Work required ::
Find all lines with the word "also" in the material, then copy them.

Material for this exercise ::

lemma admissible_triples_partition:
  assumes v: "v \<noteq> 0" "\<not> nonzero_square v"
  shows "admissible_triples B 1 \<inter> admissible_triples B v = {}"
    and "admissible_triples B 1 \<union> admissible_triples B v = distinct_triples B"
proof -
  have "nonzero_square (triple_det v x y z) \<longleftrightarrow> \<not> nonzero_square (triple_det 1 x y z)"
    if "x \<noteq> y" "x \<noteq> z" "y \<noteq> z" for x y z
  proof -
    let ?D = "triple_det 1 x y z"
    have "?D \<noteq> 0" using triple_det_nonzero[OF one_neq_zero that] .
    have "\<not> nonzero_square (v * ?D)" if "nonzero_square ?D"
      using nonzero_square_divide[of "v * ?D" ?D] that v \<open>?D \<noteq> 0\<close> by auto
    moreover have "nonzero_square (v * ?D)" if "\<not> nonzero_square ?D"
      using nonsquare_mult_nonsquare[OF odd_card v(1) \<open>?D \<noteq> 0\<close> v(2) that] .
    ultimately show ?thesis using triple_det_scale[of v] by metis
  qed
  then show "admissible_triples B 1 \<inter> admissible_triples B v = {}"
    and "admissible_triples B 1 \<union> admissible_triples B v = distinct_triples B"
    unfolding admissible_triples_def distinct_triples_def by auto
qed

lemma card_admissible_triples_sum:
  assumes "v \<noteq> 0" "\<not> nonzero_square v"
  shows "card (admissible_triples B 1) + card (admissible_triples B v) = k * (k - 1) * (k - 2)"
  using card_Un_disjoint[of "admissible_triples B 1" "admissible_triples B v"]
    admissible_triples_partition[OF assms] finite_distinct_triples[OF finite_B]
    card_distinct_triples[OF finite_B] card_B
  by (metis finite_Un)
(* Let $X$ be a nonempty set, $\circ:X\times X\to X$ a binary operation, and $p,q>0$ constants. If $f,g:X\to\mathbb{R}$ are $(\circ,p,q)$-convex functions satisfying \[ 0\leq \max(f(x),g(x))\qquad (x\in X), \] then there exists $\lambda\in[0,1]$ such that \[ 0\leq \lambda f(x)+(1-\lambda)g(x)\qquad (x\in X). \]
   Context: Given a nonempty set $X$, a binary operation $\circ:X\times X\to X$ and constants $p,q>0$, a function $f:X\to\mathbb{R}$ is called $(\circ,p,q)$-convex if $f(x\circ y)\leq p f(x)+q f(y)$ for all $x,y\in X$. *)

theory Defs
  imports Main Complex_Main
begin

definition op_pq_convex :: "('a \<Rightarrow> 'a \<Rightarrow> 'a) \<Rightarrow> real \<Rightarrow> real \<Rightarrow> ('a \<Rightarrow> real) \<Rightarrow> bool" where
  "op_pq_convex op p q f \<longleftrightarrow> (\<forall>x y. f (op x y) \<le> p * f x + q * f y)"

end

theory Submission
  imports Defs
begin

text \<open>
  Call a pair \<open>(u, v)\<close> dominated if some \<open>(p + q)^n (u, v)\<close> lies componentwise above a value
  pair \<open>(f x, g x)\<close>. By \<open>(\<circ>, p, q)\<close>-convexity the dominated pairs are closed under the convex
  combination with the fixed weights \<open>p/(p+q)\<close>, \<open>q/(p+q)\<close>, and by hypothesis none of them lies in
  the open negative quadrant. A subset of \<open>[0, 1]\<close> containing \<open>0\<close> and \<open>1\<close> and closed under a
  fixed-weight combination is dense, so dominated pairs are dense on the segment joining two value
  pairs. Hence if \<open>f a < 0\<close> and \<open>g b < 0\<close>, the zero of \<open>\<lambda> \<mapsto> \<lambda> f b + (1 - \<lambda>) g b\<close> lies below the
  zero of \<open>\<lambda> \<mapsto> \<lambda> f a + (1 - \<lambda>) g a\<close>, and any \<open>\<lambda>\<close> separating the zeros at points with \<open>g < 0\<close>
  from those at points with \<open>f < 0\<close> works.
\<close>

lemma unit_interval_separation:
  fixes L U :: "real set"
  assumes "L \<subseteq> {0..1}" and "U \<subseteq> {0..1}" and "\<And>l u. l \<in> L \<Longrightarrow> u \<in> U \<Longrightarrow> l \<le> u"
  shows "\<exists>lam\<in>{0..1}. (\<forall>l\<in>L. l \<le> lam) \<and> (\<forall>u\<in>U. lam \<le> u)"
proof (cases "L = {}")
  case True
  then show ?thesis using assms(2) by (intro bexI[of _ 0]) auto
next
  case False
  then obtain l where "l \<in> L" by blast
  have "bdd_above L" using assms(1) by (intro bdd_aboveI[of _ 1]) auto
  then have upper: "\<forall>l\<in>L. l \<le> Sup L" by (auto intro: cSup_upper)
  moreover have "0 \<le> Sup L" using upper \<open>l \<in> L\<close> assms(1) by force
  moreover have "Sup L \<le> 1" using False assms(1) by (intro cSup_least) auto
  moreover have "\<forall>u\<in>U. Sup L \<le> u" using False assms(3) by (auto intro: cSup_least)
  ultimately show ?thesis by auto
qed

(* the zero of \<lambda> \<mapsto> \<lambda> u + (1 - \<lambda>) v *)
definition crossing :: "real \<Rightarrow> real \<Rightarrow> real" where
  "crossing u v = v / (v - u)"

lemma crossing_in_unit_interval:
  assumes "0 \<le> max u v" and "u < 0 \<or> v < 0"
  shows "crossing u v \<in> {0..1}"
  using assms unfolding crossing_def by (auto simp: divide_simps le_max_iff_disj)

lemma convex_comb_nonneg_by_crossing:
  fixes u v lam :: real
  assumes "0 \<le> max u v" and "lam \<in> {0..1}"
    and "v < 0 \<Longrightarrow> crossing u v \<le> lam" and "u < 0 \<Longrightarrow> lam \<le> crossing u v"
  shows "0 \<le> lam * u + (1 - lam) * v"
proof -
  consider "u < 0" | "v < 0" | "0 \<le> u" "0 \<le> v" by linarith
  then show ?thesis
  proof cases
    case 1
    then have "lam * (v - u) \<le> v" using assms unfolding crossing_def by (simp add: pos_le_divide_eq)
    then show ?thesis by (simp add: algebra_simps)
  next
    case 2
    then have "- v \<le> lam * (u - v)"
      using assms unfolding crossing_def by (simp add: neg_divide_le_eq algebra_simps)
    then show ?thesis by (simp add: algebra_simps)
  qed (use assms in simp)
qed

lemma convex_comb_closed_approx:
  fixes T :: "real set" and r t :: real
  assumes "0 \<in> T" and "1 \<in> T" and r: "0 < r" "r < 1"
    and closed: "\<And>x y. x \<in> T \<Longrightarrow> y \<in> T \<Longrightarrow> r * x + (1 - r) * y \<in> T"
    and "0 \<le> t" "t \<le> 1"
  shows "\<exists>s\<in>T. \<bar>s - t\<bar> \<le> max r (1 - r) ^ n"
  using \<open>0 \<le> t\<close> \<open>t \<le> 1\<close>
proof (induction n arbitrary: t)
  case 0
  then show ?case using \<open>0 \<in> T\<close> by force
next
  case (Suc n)
  let ?M = "max r (1 - r)"
  have M_pow: "0 \<le> ?M ^ n" using r by simp
  show ?case
  proof (cases "r \<le> t")
    case True
    define t' where "t' = (t - r) / (1 - r)"
    have "0 \<le> t'" "t' \<le> 1" unfolding t'_def using True Suc.prems r by (simp_all add: field_simps)
    then obtain s' where s': "s' \<in> T" "\<bar>s' - t'\<bar> \<le> ?M ^ n" using Suc.IH by blast
    have "r * 1 + (1 - r) * s' - t = (1 - r) * (s' - t')" unfolding t'_def using r by (simp add: field_simps)
    then have "\<bar>r * 1 + (1 - r) * s' - t\<bar> = (1 - r) * \<bar>s' - t'\<bar>" using r by (simp only: abs_mult)
    also have "\<dots> \<le> ?M * ?M ^ n" using s'(2) r M_pow by (intro mult_mono) auto
    finally show ?thesis using closed[OF \<open>1 \<in> T\<close> s'(1)] by auto
  next
    case False
    define t' where "t' = t / r"
    have "0 \<le> t'" "t' \<le> 1" unfolding t'_def using False Suc.prems r by (simp_all add: field_simps)
    then obtain s' where s': "s' \<in> T" "\<bar>s' - t'\<bar> \<le> ?M ^ n" using Suc.IH by blast
    have "r * s' + (1 - r) * 0 - t = r * (s' - t')" unfolding t'_def using r by (simp add: field_simps)
    then have "\<bar>r * s' + (1 - r) * 0 - t\<bar> = r * \<bar>s' - t'\<bar>" using r by (simp only: abs_mult)
    also have "\<dots> \<le> ?M * ?M ^ n" using s'(2) r M_pow by (intro mult_mono) auto
    finally show ?thesis using closed[OF s'(1) \<open>0 \<in> T\<close>] by auto
  qed
qed

lemma convex_comb_closed_dense:
  fixes T :: "real set" and r lo hi :: real
  assumes "0 \<in> T" and "1 \<in> T" and r: "0 < r" "r < 1"
    and closed: "\<And>x y. x \<in> T \<Longrightarrow> y \<in> T \<Longrightarrow> r * x + (1 - r) * y \<in> T"
    and "0 \<le> lo" "lo < hi" "hi \<le> 1"
  shows "\<exists>s\<in>T. lo < s \<and> s < hi"
proof -
  obtain n where n: "max r (1 - r) ^ n < (hi - lo) / 2"
    using real_arch_pow_inv[of "(hi - lo) / 2" "max r (1 - r)"] assms by auto
  obtain s where "s \<in> T" "\<bar>s - (lo + hi) / 2\<bar> \<le> max r (1 - r) ^ n"
    using convex_comb_closed_approx[OF assms(1-5), of "(lo + hi) / 2" n] assms by auto
  moreover from this n have "lo < s" "s < hi" by (auto simp: abs_le_iff field_simps)
  ultimately show ?thesis by blast
qed

lemma op_pq_convex_diag_le:
  assumes "op_pq_convex op p q h"
  shows "h (op x x) \<le> (p + q) * h x"
  using assms unfolding op_pq_convex_def by (simp add: distrib_right)

lemma op_pq_convex_comb_le:
  assumes "op_pq_convex op p q h" and "p > 0" and "q > 0"
    and "h x \<le> c * u" and "h y \<le> c * v"
  shows "h (op x y) \<le> (p + q) * c * (p / (p + q) * u + q / (p + q) * v)"
proof -
  have "p + q \<noteq> 0" using assms(2,3) by simp
  have "h (op x y) \<le> p * h x + q * h y" using assms(1) unfolding op_pq_convex_def by blast
  also have "\<dots> \<le> p * (c * u) + q * (c * v)" using assms by (intro add_mono mult_left_mono) auto
  also have "\<dots> = (p + q) * c * (p / (p + q) * u + q / (p + q) * v)"
    using \<open>p + q \<noteq> 0\<close> by (simp add: divide_simps) (simp add: algebra_simps)
  finally show ?thesis .
qed

locale pq_convex_pair =
  fixes op :: "'a \<Rightarrow> 'a \<Rightarrow> 'a" and p q :: real and f g :: "'a \<Rightarrow> real"
  assumes p_pos: "p > 0" and q_pos: "q > 0"
    and convex_f: "op_pq_convex op p q f" and convex_g: "op_pq_convex op p q g"
begin

definition dominated :: "real \<Rightarrow> real \<Rightarrow> bool" where
  "dominated u v \<longleftrightarrow> (\<exists>n x. f x \<le> (p + q) ^ n * u \<and> g x \<le> (p + q) ^ n * v)"

lemma dominated_values: "dominated (f x) (g x)"
  unfolding dominated_def by (rule exI[of _ 0]) auto

lemma dominated_by_pow_mono:
  assumes "f x \<le> (p + q) ^ m * u" "g x \<le> (p + q) ^ m * v" and "m \<le> n"
  shows "\<exists>y. f y \<le> (p + q) ^ n * u \<and> g y \<le> (p + q) ^ n * v"
  using \<open>m \<le> n\<close>
proof (induction n rule: dec_induct)
  case base
  then show ?case using assms by blast
next
  case (step n)
  then obtain y where "f y \<le> (p + q) ^ n * u" "g y \<le> (p + q) ^ n * v" by blast
  then have "(p + q) * f y \<le> (p + q) ^ Suc n * u" "(p + q) * g y \<le> (p + q) ^ Suc n * v"
    using p_pos q_pos by simp_all
  then show ?case
    using op_pq_convex_diag_le[OF convex_f, of y] op_pq_convex_diag_le[OF convex_g, of y]
    by (meson order_trans)
qed

lemma dominated_convex_comb:
  assumes "dominated u1 v1" and "dominated u2 v2"
  shows "dominated (p / (p + q) * u1 + q / (p + q) * u2) (p / (p + q) * v1 + q / (p + q) * v2)"
proof -
  obtain n1 x1 n2 x2 where
    x1: "f x1 \<le> (p + q) ^ n1 * u1" "g x1 \<le> (p + q) ^ n1 * v1" and
    x2: "f x2 \<le> (p + q) ^ n2 * u2" "g x2 \<le> (p + q) ^ n2 * v2"
    using assms unfolding dominated_def by blast
  obtain y1 where "f y1 \<le> (p + q) ^ max n1 n2 * u1" "g y1 \<le> (p + q) ^ max n1 n2 * v1"
    using dominated_by_pow_mono[OF x1 max.cobounded1] by blast
  moreover obtain y2 where "f y2 \<le> (p + q) ^ max n1 n2 * u2" "g y2 \<le> (p + q) ^ max n1 n2 * v2"
    using dominated_by_pow_mono[OF x2 max.cobounded2] by blast
  ultimately have
    "f (op y1 y2) \<le> (p + q) * (p + q) ^ max n1 n2 * (p / (p + q) * u1 + q / (p + q) * u2)"
    "g (op y1 y2) \<le> (p + q) * (p + q) ^ max n1 n2 * (p / (p + q) * v1 + q / (p + q) * v2)"
    using op_pq_convex_comb_le[OF convex_f] op_pq_convex_comb_le[OF convex_g] p_pos q_pos by blast+
  then show ?thesis
    unfolding dominated_def by (intro exI[of _ "Suc (max n1 n2)"] exI[of _ "op y1 y2"]) simp
qed

lemma dominated_max_nonneg:
  assumes "\<And>x. 0 \<le> max (f x) (g x)" and "dominated u v"
  shows "0 \<le> max u v"
proof (rule ccontr)
  assume "\<not> 0 \<le> max u v"
  then have "u < 0" "v < 0" by auto
  moreover obtain n x where "f x \<le> (p + q) ^ n * u" "g x \<le> (p + q) ^ n * v"
    using assms(2) unfolding dominated_def by blast
  moreover have "(p + q) ^ n > 0" using p_pos q_pos by simp
  ultimately have "f x < 0" "g x < 0" by (meson mult_pos_neg order_le_less_trans)+
  with assms(1)[of x] show False by simp
qed

lemma values_cross_le:
  assumes max_nonneg: "\<And>x. 0 \<le> max (f x) (g x)" and fa: "f a < 0" and gb: "g b < 0"
  shows "f a * g b \<le> g a * f b"
proof (rule ccontr)
  assume cross: "\<not> ?thesis"
  have fb: "f b \<ge> 0" and ga: "g a \<ge> 0"
    using max_nonneg[of a] max_nonneg[of b] fa gb by (auto simp: le_max_iff_disj)
  (* zeros of the two coordinates of \<theta> (f a, g a) + (1 - \<theta>) (f b, g b) *)
  define \<theta>f \<theta>g where "\<theta>f = f b / (f b - f a)" and "\<theta>g = g b / (g b - g a)"
  have bounds: "0 \<le> \<theta>f" "\<theta>f < \<theta>g" "\<theta>g \<le> 1"
    unfolding \<theta>f_def \<theta>g_def using fa gb fb ga cross
    by (simp_all add: divide_simps) (simp add: algebra_simps)
  define r where "r = p / (p + q)"
  have r: "0 < r" "r < 1" "1 - r = q / (p + q)"
    unfolding r_def using p_pos q_pos by (auto simp: field_simps)
  define T where "T = {\<theta>. dominated (\<theta> * f a + (1 - \<theta>) * f b) (\<theta> * g a + (1 - \<theta>) * g b)}"
  have "0 \<in> T" "1 \<in> T" unfolding T_def using dominated_values by auto
  have closed: "r * \<theta>1 + (1 - r) * \<theta>2 \<in> T" if "\<theta>1 \<in> T" "\<theta>2 \<in> T" for \<theta>1 \<theta>2
  proof -
    have affine: "(r * \<theta>1 + (1 - r) * \<theta>2) * u + (1 - (r * \<theta>1 + (1 - r) * \<theta>2)) * w
        = r * (\<theta>1 * u + (1 - \<theta>1) * w) + (1 - r) * (\<theta>2 * u + (1 - \<theta>2) * w)" for u w :: real
      by algebra
    show ?thesis
      unfolding T_def mem_Collect_eq affine unfolding r(3) unfolding r_def
      by (rule dominated_convex_comb[OF that[unfolded T_def mem_Collect_eq]])
  qed
  obtain \<theta> where "\<theta> \<in> T" "\<theta>f < \<theta>" "\<theta> < \<theta>g"
    using convex_comb_closed_dense[OF \<open>0 \<in> T\<close> \<open>1 \<in> T\<close> r(1,2) closed bounds] by blast
  have "\<theta> * f a + (1 - \<theta>) * f b < 0"
    using \<open>\<theta>f < \<theta>\<close> fa fb unfolding \<theta>f_def by (simp add: pos_divide_less_eq algebra_simps)
  moreover have "\<theta> * g a + (1 - \<theta>) * g b < 0"
    using \<open>\<theta> < \<theta>g\<close> gb ga unfolding \<theta>g_def by (simp add: neg_less_divide_eq algebra_simps)
  moreover have "0 \<le> max (\<theta> * f a + (1 - \<theta>) * f b) (\<theta> * g a + (1 - \<theta>) * g b)"
    using dominated_max_nonneg[OF max_nonneg] \<open>\<theta> \<in> T\<close> unfolding T_def by blast
  ultimately show False by linarith
qed

lemma crossing_le:
  assumes max_nonneg: "\<And>x. 0 \<le> max (f x) (g x)" and "f a < 0" and "g b < 0"
  shows "crossing (f b) (g b) \<le> crossing (f a) (g a)"
proof -
  have "f a < g a" "g b < f b" using max_nonneg[of a] max_nonneg[of b] assms(2,3) by auto
  then show ?thesis using values_cross_le[OF assms] unfolding crossing_def
    by (simp add: divide_simps) (simp add: algebra_simps)
qed

end

theorem theorem3p5:
  fixes op :: "'a \<Rightarrow> 'a \<Rightarrow> 'a" and p q :: real and f g :: "'a \<Rightarrow> real"
  assumes "p > 0" and "q > 0"
    and "op_pq_convex op p q f" and "op_pq_convex op p q g"
    and "\<And>x. 0 \<le> max (f x) (g x)"
  shows "\<exists>lam\<in>{0..1::real}. \<forall>x. 0 \<le> lam * f x + (1 - lam) * g x"
proof -
  interpret pq_convex_pair op p q f g using assms by unfold_locales
  let ?c = "\<lambda>x. crossing (f x) (g x)"
  have range_g: "?c ` {x. g x < 0} \<subseteq> {0..1}" and range_f: "?c ` {x. f x < 0} \<subseteq> {0..1}"
    using crossing_in_unit_interval[OF assms(5)] by auto
  have ordered: "l \<le> u" if "l \<in> ?c ` {x. g x < 0}" and "u \<in> ?c ` {x. f x < 0}" for l u
    using that crossing_le[OF assms(5)] by auto
  obtain lam where lam: "lam \<in> {0..1}"
    "\<forall>l \<in> ?c ` {x. g x < 0}. l \<le> lam" "\<forall>u \<in> ?c ` {x. f x < 0}. lam \<le> u"
    using unit_interval_separation[OF range_g range_f ordered] by blast
  have "0 \<le> lam * f x + (1 - lam) * g x" for x
    using lam(2,3) by (intro convex_comb_nonneg_by_crossing[OF assms(5) lam(1)]) auto
  with lam(1) show ?thesis by blast
qed

end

Answer space ::
    also have "\<dots> \<le> ?M * ?M ^ n" using s'(2) r M_pow by (intro mult_mono) auto
    also have "\<dots> \<le> ?M * ?M ^ n" using s'(2) r M_pow by (intro mult_mono) auto
  also have "\<dots> \<le> p * (c * u) + q * (c * v)" using assms by (intro add_mono mult_left_mono) auto
  also have "\<dots> = (p + q) * c * (p / (p + q) * u + q / (p + q) * v)"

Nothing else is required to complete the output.